You will travel with COT General Director Larry Edelson, whose artistic insights will deepen your connection to each production. The tour balances extraordinary performances with the cultural richness, scenic landscapes, and culinary traditions of the region. You will also have time to explore independently and enjoy the rhythm of travel at a comfortable pace. Most importantly, you will share this journey with a community of opera lovers, inquisitive, engaged, and eager to experience the best Austria has to offer.
Operated by Dolce Cultural Tours with principal Dan Cooperman.
ITINERARY
More detailed information about the performances may be found below.
Saturday, August 1 – Departures to Zurich
Independent air departures from the United States to the Zurich Koten Airport (ZRH).
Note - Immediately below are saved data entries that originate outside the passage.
lemma subtrees_trans: "S \<in> subtrees T \<Longrightarrow> subtrees S \<subseteq> subtrees T"
  by (induction T) auto

lemma leaves_subtree: "S \<in> subtrees T \<Longrightarrow> leaves S \<subseteq> leaves T"
  by (induction T) auto

lemma size_subtree: "S \<in> subtrees T \<Longrightarrow> size S \<le> size T"
  by (induction T) auto

lemma size_subtree_less: "S \<in> subtrees T \<Longrightarrow> S \<noteq> T \<Longrightarrow> size S < size T"
  by (induction T) (auto dest: size_subtree)

lemma subtrees_antisym: "S \<in> subtrees T \<Longrightarrow> T \<in> subtrees S \<Longrightarrow> S = T"
  using size_subtree size_subtree_less by fastforce

lemma distinct_leaf_list_subtree:
  "S \<in> subtrees T \<Longrightarrow> distinct (leaf_list T) \<Longrightarrow> distinct (leaf_list S)"
  by (induction T) auto

fun children :: "'a hctree \<Rightarrow> 'a hctree set" where
  "children (Leaf x) = {}"
| "children (Node L R) = {L, R}"

lemma sibling_in_children: "C \<in> children N \<Longrightarrow> sibling N C \<in> children N"
  by (cases N) auto

lemma leaves_child_sibling:
  "C \<in> children N \<Longrightarrow> leaves N = leaves C \<union> leaves (sibling N C)"
  by (cases N) auto

lemma disjoint_leaves_sibling:
  "distinct (leaf_list N) \<Longrightarrow> C \<in> children N \<Longrightarrow> leaves C \<inter> leaves (sibling N C) = {}"
  by (cases N) (auto simp: leaves_def)

lemma leaves_child_psubset:
  assumes "is_hc_tree V T" "N \<in> subtrees T" "C \<in> children N"
  shows "leaves C \<subset> V"
proof -
  have "distinct (leaf_list N)"
    using assms distinct_leaf_list_subtree by (auto simp: is_hc_tree_def)
  moreover have "leaves N \<subseteq> V"
    using assms leaves_subtree[OF assms(2)] by (simp add: is_hc_tree_def leaves_def)
  ultimately show ?thesis
    using leaves_child_sibling[OF assms(3)] disjoint_leaves_sibling[OF _ assms(3)]
      leaves_nonempty[of "sibling N C"] by blast
qed

section \<open>Lowest common ancestors\<close>

fun lca_rec :: "'a hctree \<Rightarrow> 'a set \<Rightarrow> 'a hctree" where
  "lca_rec (Leaf x) e = Leaf x"
| "lca_rec (Node L R) e =
     (if e \<subseteq> leaves L then lca_rec L e else if e \<subseteq> leaves R then lca_rec R e else Node L R)"

lemma lca_rec_subtree: "lca_rec T e \<in> subtrees T"
  by (induction T) auto

lemma lca_rec_leaves: "e \<subseteq> leaves T \<Longrightarrow> e \<subseteq> leaves (lca_rec T e)"
  by (induction T) auto

lemma lca_rec_lowest:
  "distinct (leaf_list T) \<Longrightarrow> e \<noteq> {} \<Longrightarrow> S \<in> subtrees T \<Longrightarrow> e \<subseteq> leaves S
   \<Longrightarrow> lca_rec T e \<in> subtrees S"
proof (induction T)
  case (Node L R)
  have disj: "leaves L \<inter> leaves R = {}"
    using Node.prems(1) by (simp add: leaves_def)
  consider "S = Node L R" | "S \<in> subtrees L" | "S \<in> subtrees R"
    using Node.prems(3) by auto
  then show ?case
  proof cases
    case 1
    then show ?thesis
      using lca_rec_subtree by blast
  next
    case 2
    then have "e \<subseteq> leaves L"
      using Node.prems(4) leaves_subtree by blast
    then show ?thesis
      using Node.IH(1) Node.prems 2 by simp
  next
    case 3
    then have "e \<subseteq> leaves R"
      using Node.prems(4) leaves_subtree by blast
    moreover have "\<not> e \<subseteq> leaves L"
      using calculation Node.prems(2) disj by blast
    ultimately show ?thesis
      using Node.IH(2) Node.prems 3 by simp
  qed
qed simp

lemma lca_eq_lca_rec:
  assumes "distinct (leaf_list T)" "e \<noteq> {}" "e \<subseteq> leaves T"
  shows "lca T e = lca_rec T e"
  unfolding lca_def
proof (rule the_equality)
  show "lca_rec T e \<in> subtrees T \<and> e \<subseteq> leaves (lca_rec T e) \<and>
    (\<forall>S\<in>subtrees T. e \<subseteq> leaves S \<longrightarrow> lca_rec T e \<in> subtrees S)"
    using lca_rec_subtree lca_rec_leaves[OF assms(3)] lca_rec_lowest[OF assms(1,2)] by blast
next
  fix S assume "S \<in> subtrees T \<and> e \<subseteq> leaves S \<and>
    (\<forall>S'\<in>subtrees T. e \<subseteq> leaves S' \<longrightarrow> S \<in> subtrees S')"
  then show "S = lca_rec T e"
    using subtrees_antisym lca_rec_subtree lca_rec_leaves[OF assms(3)] lca_rec_lowest[OF assms(1,2)]
    by blast
qed
(* In any execution of the algorithm described in the context on a camera object $S$ and an associated versioned CAS object $O$ (after $O$'s constructor has completed), in every configuration the only VNode in the version list of $O$ that can have an invalid timestamp is the head of the version list.
   Context: Camera $S$ has an integer field timestamp, initially 0; takeSnapshot(): read $t:=S.\mathit{timestamp}$, perform CAS$(S.\mathit{timestamp},t,t+1)$, return $t$. A VNode has fields val and nextv (both immutable after creation) and ts (an integer or special value TBD, initially TBD). Versioned CAS object $O$ has a field $\mathit{VHead}$. Constructor with value $v$: $\mathit{VHead}:=$ new VNode(val $v$, nextv NULL); initTS($\mathit{VHead}$). initTS($n$): if $n.ts=$TBD, read $c:=S.\mathit{timestamp}$ and CAS$(n.ts,\mathrm{TBD},c)$. readSnapshot($ts$): $node:=\mathit{VHead}$; initTS($node$); while $node.ts>ts$, $node:=node.nextv$; return $node.val$. vRead(): $h:=\mathit{VHead}$; initTS($h$); return $h.val$. vCAS(oldV,newV): $h:=\mathit{VHead}$; initTS($h$); if $h.val\neq$ oldV return false; if newV $=$ oldV return true; $m:=$ new VNode(val newV, nextv $h$); if CAS$(\mathit{VHead},h,m)$ succeeds, initTS($m$) and return true; else delete $m$, call initTS on the current value of $\mathit{VHead}$, return false. The version list of $O$ is obtained by starting at the VNode pointed to by $\mathit{VHead}$ and following nextv pointers; its head is the VNode pointed to by $\mathit{VHead}$. A VNode's timestamp is valid in a configuration if its ts field is not TBD there, and invalid otherwise. *)

theory Defs
  imports Main
begin
(* Let $\mathcal M$ be a universally ex-post IC-IR single-item mechanism in an interdependent-values setting. Then under no-overbidding $\mathcal M$ is dominant-strategy incentive compatible: for every signal profile $\mathbf s$, every bid profile $\mathbf b$ with $\mathbf b\le\mathbf s$ coordinatewise, and every bidder $i$, $$\mathbb E\big[u_i((s_i,\mathbf b_{-i});\mathbf s)\big]\ge\mathbb E\big[u_i(\mathbf b;\mathbf s)\big],$$ where expectations are over the randomness of $\mathcal M$.
   Context: Single-item interdependent-values setting: bidders $i\in[n]$ have private signals $s_i\in S_i\subseteq\mathbb R_{\ge0}$ (intervals) and publicly known valuations $v_i:S_1\times\dots\times S_n\to\mathbb R_{\ge0}$, weakly increasing in every coordinate and strictly increasing in $s_i$. A deterministic mechanism $(x,p)$ solicits bids $b_i\in S_i$, outputs $x_i(\mathbf b)\in\{0,1\}$ with $\sum_ix_i(\mathbf b)\le1$ and payments $p_i(\mathbf b)$; utility $u_i(\mathbf b;\mathbf s)=x_i(\mathbf b)v_i(\mathbf s)-p_i(\mathbf b)$. It is ex-post IC-IR if for every $\mathbf s$, every $i$ and every $b_i\in S_i$: $x_i(\mathbf s)v_i(\mathbf s)-p_i(\mathbf s)\ge\max\{x_i(b_i,\mathbf s_{-i})v_i(\mathbf s)-p_i(b_i,\mathbf s_{-i}),0\}$. A randomized mechanism is universally ex-post IC-IR if it is a probability distribution over deterministic ex-post IC-IR mechanisms. *)

theory Defs
  imports "HOL-Probability.Probability"
begin

definition profiles :: "('i \<Rightarrow> real set) \<Rightarrow> ('i \<Rightarrow> real) set" where
  "profiles S = {s. \<forall>i. s i \<in> S i}"

definition valid_setting ::
  "('i \<Rightarrow> real set) \<Rightarrow> ('i \<Rightarrow> ('i \<Rightarrow> real) \<Rightarrow> real) \<Rightarrow> bool" where
  "valid_setting S v \<longleftrightarrow>
     (\<forall>i. is_interval (S i) \<and> S i \<subseteq> {0..}) \<and>
     (\<forall>i. \<forall>s\<in>profiles S. v i s \<ge> 0) \<and>
     (\<forall>i j. \<forall>s\<in>profiles S. \<forall>t\<in>S j. s j \<le> t \<longrightarrow> v i s \<le> v i (s(j := t))) \<and>
     (\<forall>i. \<forall>s\<in>profiles S. \<forall>t\<in>S i. s i < t \<longrightarrow> v i s < v i (s(i := t)))"

text \<open>A deterministic mechanism is a pair (x, p) of an allocation rule and a
payment rule, both mapping a bid profile and a bidder to a real number.\<close>

type_synonym 'i mechanism = "(('i \<Rightarrow> real) \<Rightarrow> 'i \<Rightarrow> real) \<times> (('i \<Rightarrow> real) \<Rightarrow> 'i \<Rightarrow> real)"

definition det_mechanism :: "('i::finite \<Rightarrow> real set) \<Rightarrow> 'i mechanism \<Rightarrow> bool" where
  "det_mechanism S M \<longleftrightarrow>
     (\<forall>b\<in>profiles S. (\<forall>i. fst M b i \<in> {0, 1}) \<and> (\<Sum>i\<in>UNIV. fst M b i) \<le> 1)"

definition utility ::
  "('i \<Rightarrow> ('i \<Rightarrow> real) \<Rightarrow> real) \<Rightarrow> 'i mechanism \<Rightarrow> 'i \<Rightarrow> ('i \<Rightarrow> real) \<Rightarrow> ('i \<Rightarrow> real) \<Rightarrow> real" where
  "utility v M i b s = fst M b i * v i s - snd M b i"

definition expost_IC_IR ::
  "('i \<Rightarrow> real set) \<Rightarrow> ('i \<Rightarrow> ('i \<Rightarrow> real) \<Rightarrow> real) \<Rightarrow> 'i mechanism \<Rightarrow> bool" where
  "expost_IC_IR S v M \<longleftrightarrow>
     (\<forall>s\<in>profiles S. \<forall>i. \<forall>bi\<in>S i.
        utility v M i s s \<ge> max (utility v M i (s(i := bi)) s) 0)"

text \<open>A randomized mechanism: a family of mechanisms indexed by the sample
space of a probability space, almost every (here: every) realization being a
deterministic ex-post IC-IR mechanism.\<close>

definition universally_expost_IC_IR ::
  "('i::finite \<Rightarrow> real set) \<Rightarrow> ('i \<Rightarrow> ('i \<Rightarrow> real) \<Rightarrow> real) \<Rightarrow> 'w measure \<Rightarrow> ('w \<Rightarrow> 'i mechanism) \<Rightarrow> bool" where
  "universally_expost_IC_IR S v P Mech \<longleftrightarrow>
     prob_space P \<and> (\<forall>\<omega>\<in>space P. det_mechanism S (Mech \<omega>) \<and> expost_IC_IR S v (Mech \<omega>))"

end

theory Submission
  imports Defs
begin

text \<open>Fix a realization of the mechanism and write t for b with bidder i's bid raised to
s i. Adding the two IC constraints between b and t gives the usual allocation
monotonicity x(b) \<le> x(t), since v i b < v i t. The IC constraint at t against
the deviation to b i then bounds the payment difference, so that
u(t; s) - u(b; s) \<ge> (x(t) - x(b)) (v i s - v i t) \<ge> 0, where v i t \<le> v i s
because t \<le> s coordinatewise.\<close>

lemma valid_setting_valuation_mono:
  fixes S :: "'i::finite \<Rightarrow> real set"
  assumes setting: "valid_setting S v"
    and s: "s \<in> profiles S" and t: "t \<in> profiles S" and le: "\<forall>j. t j \<le> s j"
  shows "v i t \<le> v i s"
proof -
  define mix where "mix A = (\<lambda>j. if j \<in> A then s j else t j)" for A
  have mix_profile: "mix A \<in> profiles S" for A
    using s t by (auto simp: mix_def profiles_def)
  have "v i t \<le> v i (mix A)" if "finite A" for A
    using that
  proof (induction A rule: finite_induct)
    case empty
    then show ?case by (simp add: mix_def)
  next
    case (insert a A)
    have "mix (insert a A) = (mix A)(a := s a)"
      by (auto simp: mix_def)
    moreover have "v i (mix A) \<le> v i ((mix A)(a := s a))"
      using setting mix_profile[of A] s le insert.hyps
      unfolding valid_setting_def profiles_def by (simp add: mix_def)
    ultimately show ?case
      using insert.IH by (metis order_trans)
  qed
  from this[of UNIV] show ?thesis
    by (simp add: mix_def)
qed

lemma expost_IC_IR_deviation_le:
  assumes "expost_IC_IR S v M" and "s \<in> profiles S" and "c \<in> S i"
  shows "utility v M i (s(i := c)) s \<le> utility v M i s s"
  using assms unfolding expost_IC_IR_def by fastforce

lemma expost_IC_IR_allocation_mono:
  assumes setting: "valid_setting S v" and IC: "expost_IC_IR S v M"
    and b: "b \<in> profiles S" and c: "c \<in> S i" and le: "b i \<le> c"
  shows "fst M b i \<le> fst M (b(i := c)) i"
proof (cases "b i = c")
  case True
  then show ?thesis by (simp flip: True)
next
  case False
  define t where "t = b(i := c)"
  have t: "t \<in> profiles S"
    using b c by (simp add: t_def profiles_def)
  have bi: "b i \<in> S i"
    using b by (simp add: profiles_def)
  have "utility v M i b t \<le> utility v M i t t"
    using expost_IC_IR_deviation_le[OF IC t bi] by (simp add: t_def)
  moreover have "utility v M i t b \<le> utility v M i b b"
    using expost_IC_IR_deviation_le[OF IC b c] by (simp add: t_def)
  ultimately have "(fst M b i - fst M t i) * (v i t - v i b) \<le> 0"
    unfolding utility_def by (simp add: algebra_simps)
  moreover have "v i b < v i t"
    using setting b c le False unfolding valid_setting_def t_def by simp
  ultimately show ?thesis
    by (simp add: t_def mult_le_0_iff)
qed

lemma expost_IC_IR_no_overbidding_truthful_ge:
  fixes S :: "'i::finite \<Rightarrow> real set"
  assumes setting: "valid_setting S v" and IC: "expost_IC_IR S v M"
    and s: "s \<in> profiles S" and b: "b \<in> profiles S" and le: "\<forall>j. b j \<le> s j"
  shows "utility v M i b s \<le> utility v M i (b(i := s i)) s"
proof -
  define t where "t = b(i := s i)"
  have t: "t \<in> profiles S"
    using s b by (simp add: t_def profiles_def)
  have si: "s i \<in> S i" and bi: "b i \<in> S i"
    using s b by (simp_all add: profiles_def)
  have x_mono: "fst M b i \<le> fst M t i"
    unfolding t_def using expost_IC_IR_allocation_mono[OF setting IC b si] le by simp
  have v_mono: "v i t \<le> v i s"
    using valid_setting_valuation_mono[OF setting s t] le by (simp add: t_def)
  have "utility v M i b t \<le> utility v M i t t"
    using expost_IC_IR_deviation_le[OF IC t bi] by (simp add: t_def)
  then have "utility v M i t s - utility v M i b s \<ge> (fst M t i - fst M b i) * (v i s - v i t)"
    unfolding utility_def by (simp add: algebra_simps)
  moreover have "(fst M t i - fst M b i) * (v i s - v i t) \<ge> 0"
    using x_mono v_mono by simp
  ultimately show ?thesis
    by (simp add: t_def)
qed

theorem mainTheorem7:
  fixes S :: "'i::finite \<Rightarrow> real set"
    and v :: "'i \<Rightarrow> ('i \<Rightarrow> real) \<Rightarrow> real"
    and P :: "'w measure"
    and Mech :: "'w \<Rightarrow> 'i mechanism"
    and s b :: "'i \<Rightarrow> real"
    and i :: 'i
  assumes "valid_setting S v"
    and "universally_expost_IC_IR S v P Mech"
    and "s \<in> profiles S" and "b \<in> profiles S"
    and "\<forall>j. b j \<le> s j"
    and "integrable P (\<lambda>\<omega>. utility v (Mech \<omega>) i (b(i := s i)) s)"
    and "integrable P (\<lambda>\<omega>. utility v (Mech \<omega>) i b s)"
  shows "(\<integral>\<omega>. utility v (Mech \<omega>) i (b(i := s i)) s \<partial>P)
           \<ge> (\<integral>\<omega>. utility v (Mech \<omega>) i b s \<partial>P)"
  using assms(7,6)
proof (rule integral_mono)
  fix \<omega> assume "\<omega> \<in> space P"
  then have "expost_IC_IR S v (Mech \<omega>)"
    using assms(2) unfolding universally_expost_IC_IR_def by simp
  then show "utility v (Mech \<omega>) i b s \<le> utility v (Mech \<omega>) i (b(i := s i)) s"
    using expost_IC_IR_no_overbidding_truthful_ge assms(1,3-5) by blast
qed

end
Sunday, August 2 – Arrival in Switzerland and Transfer to Lindau (near Bregenz)
Arrive at Zurich Airport, where private shuttles will bring the group to the Hotel Bayerischer Hof in Lindau (Germany), set on the edge of Lake Constance and close to the Bregenz Festival. Take the afternoon to settle in and adjust after travel.
In the evening, we gather for a welcome dinner, an easy first opportunity to meet one another and look ahead to the week’s performances and shared experiences.
Monday, August 3 – Lindau and The Excursions of Mr. Brouček
Today is designed for rest and easy exploration. Enjoy breakfast at the hotel and take the morning and afternoon to get to know Lindau. Its harbor, lakeside promenades, and quiet streets make for a pleasant day at your own pace.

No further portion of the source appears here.